— ASSIGNED TASK —
Copy each line of the records that contains the word "finally".

— Stored data —
▬▬▬

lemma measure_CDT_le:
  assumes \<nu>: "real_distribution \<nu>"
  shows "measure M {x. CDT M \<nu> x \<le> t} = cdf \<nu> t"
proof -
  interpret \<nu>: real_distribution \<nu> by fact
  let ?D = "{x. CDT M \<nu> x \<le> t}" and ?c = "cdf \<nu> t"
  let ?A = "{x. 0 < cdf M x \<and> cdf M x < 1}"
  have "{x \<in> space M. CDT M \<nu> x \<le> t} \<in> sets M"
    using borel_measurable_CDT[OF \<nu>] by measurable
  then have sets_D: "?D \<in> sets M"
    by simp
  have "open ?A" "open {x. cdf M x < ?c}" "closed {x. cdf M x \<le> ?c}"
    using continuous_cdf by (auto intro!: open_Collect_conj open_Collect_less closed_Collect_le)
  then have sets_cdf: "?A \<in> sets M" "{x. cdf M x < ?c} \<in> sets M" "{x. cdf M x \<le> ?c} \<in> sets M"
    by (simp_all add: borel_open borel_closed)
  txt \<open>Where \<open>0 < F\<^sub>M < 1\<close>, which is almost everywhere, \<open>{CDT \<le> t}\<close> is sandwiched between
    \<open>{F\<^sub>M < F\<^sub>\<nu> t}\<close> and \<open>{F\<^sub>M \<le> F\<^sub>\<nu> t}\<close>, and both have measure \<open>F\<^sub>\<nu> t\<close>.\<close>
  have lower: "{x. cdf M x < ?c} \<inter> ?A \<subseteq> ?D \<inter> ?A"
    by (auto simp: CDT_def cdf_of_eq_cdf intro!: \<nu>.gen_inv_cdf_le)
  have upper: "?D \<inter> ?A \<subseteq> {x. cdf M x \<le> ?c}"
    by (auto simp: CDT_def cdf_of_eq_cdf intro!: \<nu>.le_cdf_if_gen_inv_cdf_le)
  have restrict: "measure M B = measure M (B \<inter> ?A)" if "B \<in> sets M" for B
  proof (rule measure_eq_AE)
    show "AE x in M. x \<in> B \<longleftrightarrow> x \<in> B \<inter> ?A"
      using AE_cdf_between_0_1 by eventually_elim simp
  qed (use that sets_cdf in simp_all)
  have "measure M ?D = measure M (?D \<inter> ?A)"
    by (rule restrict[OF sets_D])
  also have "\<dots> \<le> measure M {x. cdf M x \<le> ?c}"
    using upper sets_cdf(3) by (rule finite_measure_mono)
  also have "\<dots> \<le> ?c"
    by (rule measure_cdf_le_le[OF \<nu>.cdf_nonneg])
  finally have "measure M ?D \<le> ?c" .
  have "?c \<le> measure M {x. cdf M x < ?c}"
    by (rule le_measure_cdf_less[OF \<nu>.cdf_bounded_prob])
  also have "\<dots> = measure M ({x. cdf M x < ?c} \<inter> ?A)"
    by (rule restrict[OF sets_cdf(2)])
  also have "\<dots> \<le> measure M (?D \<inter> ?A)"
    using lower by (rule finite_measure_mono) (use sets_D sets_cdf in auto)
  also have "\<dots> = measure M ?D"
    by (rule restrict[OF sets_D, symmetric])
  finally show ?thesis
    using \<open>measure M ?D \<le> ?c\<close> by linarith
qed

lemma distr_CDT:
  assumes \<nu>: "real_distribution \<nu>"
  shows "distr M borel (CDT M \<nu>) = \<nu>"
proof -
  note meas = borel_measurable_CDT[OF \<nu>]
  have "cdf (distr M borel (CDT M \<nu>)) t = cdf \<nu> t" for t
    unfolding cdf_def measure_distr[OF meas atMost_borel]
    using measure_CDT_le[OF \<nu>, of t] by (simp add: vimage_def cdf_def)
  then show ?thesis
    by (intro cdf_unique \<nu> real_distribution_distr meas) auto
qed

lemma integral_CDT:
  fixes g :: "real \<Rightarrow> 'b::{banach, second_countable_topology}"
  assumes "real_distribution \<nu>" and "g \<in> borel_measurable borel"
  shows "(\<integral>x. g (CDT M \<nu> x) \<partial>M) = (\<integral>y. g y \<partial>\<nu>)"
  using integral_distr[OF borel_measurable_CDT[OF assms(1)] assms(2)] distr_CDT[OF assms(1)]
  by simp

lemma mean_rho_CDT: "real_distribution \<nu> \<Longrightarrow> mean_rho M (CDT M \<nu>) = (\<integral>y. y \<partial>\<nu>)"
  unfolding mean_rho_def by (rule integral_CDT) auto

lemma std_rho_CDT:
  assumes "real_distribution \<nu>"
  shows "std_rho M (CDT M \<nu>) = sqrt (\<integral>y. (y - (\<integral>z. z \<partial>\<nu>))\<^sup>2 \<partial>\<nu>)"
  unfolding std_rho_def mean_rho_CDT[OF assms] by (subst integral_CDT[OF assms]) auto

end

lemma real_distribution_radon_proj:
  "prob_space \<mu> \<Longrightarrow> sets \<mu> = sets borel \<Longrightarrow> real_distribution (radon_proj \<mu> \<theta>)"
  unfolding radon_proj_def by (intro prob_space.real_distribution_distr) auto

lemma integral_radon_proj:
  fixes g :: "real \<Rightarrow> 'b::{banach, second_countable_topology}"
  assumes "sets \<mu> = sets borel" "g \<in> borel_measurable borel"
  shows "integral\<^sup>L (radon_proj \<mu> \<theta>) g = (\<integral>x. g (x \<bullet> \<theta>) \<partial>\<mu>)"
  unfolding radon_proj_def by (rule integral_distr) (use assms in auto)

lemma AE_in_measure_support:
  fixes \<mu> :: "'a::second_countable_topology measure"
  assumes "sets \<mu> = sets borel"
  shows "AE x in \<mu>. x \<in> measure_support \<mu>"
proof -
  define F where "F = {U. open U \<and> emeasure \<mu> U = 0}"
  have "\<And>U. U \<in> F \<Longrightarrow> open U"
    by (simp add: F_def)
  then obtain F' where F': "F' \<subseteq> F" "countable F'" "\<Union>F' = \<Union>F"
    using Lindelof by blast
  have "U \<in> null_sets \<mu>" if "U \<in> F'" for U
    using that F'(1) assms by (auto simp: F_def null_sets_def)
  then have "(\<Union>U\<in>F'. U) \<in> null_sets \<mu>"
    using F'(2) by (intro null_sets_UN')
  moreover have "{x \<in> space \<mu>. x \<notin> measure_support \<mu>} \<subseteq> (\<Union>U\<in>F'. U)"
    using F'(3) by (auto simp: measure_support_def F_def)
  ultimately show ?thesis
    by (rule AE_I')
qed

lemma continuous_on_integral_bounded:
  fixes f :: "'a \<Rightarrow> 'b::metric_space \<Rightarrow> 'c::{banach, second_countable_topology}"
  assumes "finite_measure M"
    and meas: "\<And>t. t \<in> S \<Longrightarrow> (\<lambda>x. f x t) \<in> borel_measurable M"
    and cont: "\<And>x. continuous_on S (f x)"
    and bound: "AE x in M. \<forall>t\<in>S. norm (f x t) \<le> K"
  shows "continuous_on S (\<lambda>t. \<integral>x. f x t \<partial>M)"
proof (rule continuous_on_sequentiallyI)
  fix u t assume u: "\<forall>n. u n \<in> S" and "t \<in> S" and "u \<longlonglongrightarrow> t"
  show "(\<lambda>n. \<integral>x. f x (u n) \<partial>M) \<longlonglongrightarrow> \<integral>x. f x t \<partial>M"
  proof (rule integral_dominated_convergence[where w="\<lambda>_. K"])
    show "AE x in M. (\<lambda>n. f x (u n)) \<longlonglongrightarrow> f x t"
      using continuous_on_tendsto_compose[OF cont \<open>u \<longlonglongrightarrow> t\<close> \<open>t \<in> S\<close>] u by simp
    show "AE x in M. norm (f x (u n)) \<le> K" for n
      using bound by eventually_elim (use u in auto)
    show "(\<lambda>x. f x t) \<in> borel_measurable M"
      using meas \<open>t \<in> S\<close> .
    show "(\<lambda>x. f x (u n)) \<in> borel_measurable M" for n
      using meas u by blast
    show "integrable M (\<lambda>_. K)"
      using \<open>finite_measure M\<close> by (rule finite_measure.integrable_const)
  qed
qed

▬▬▬

— TASK RESPONSE —
  finally have "measure M ?D \<le> ?c" .
  finally show ?thesis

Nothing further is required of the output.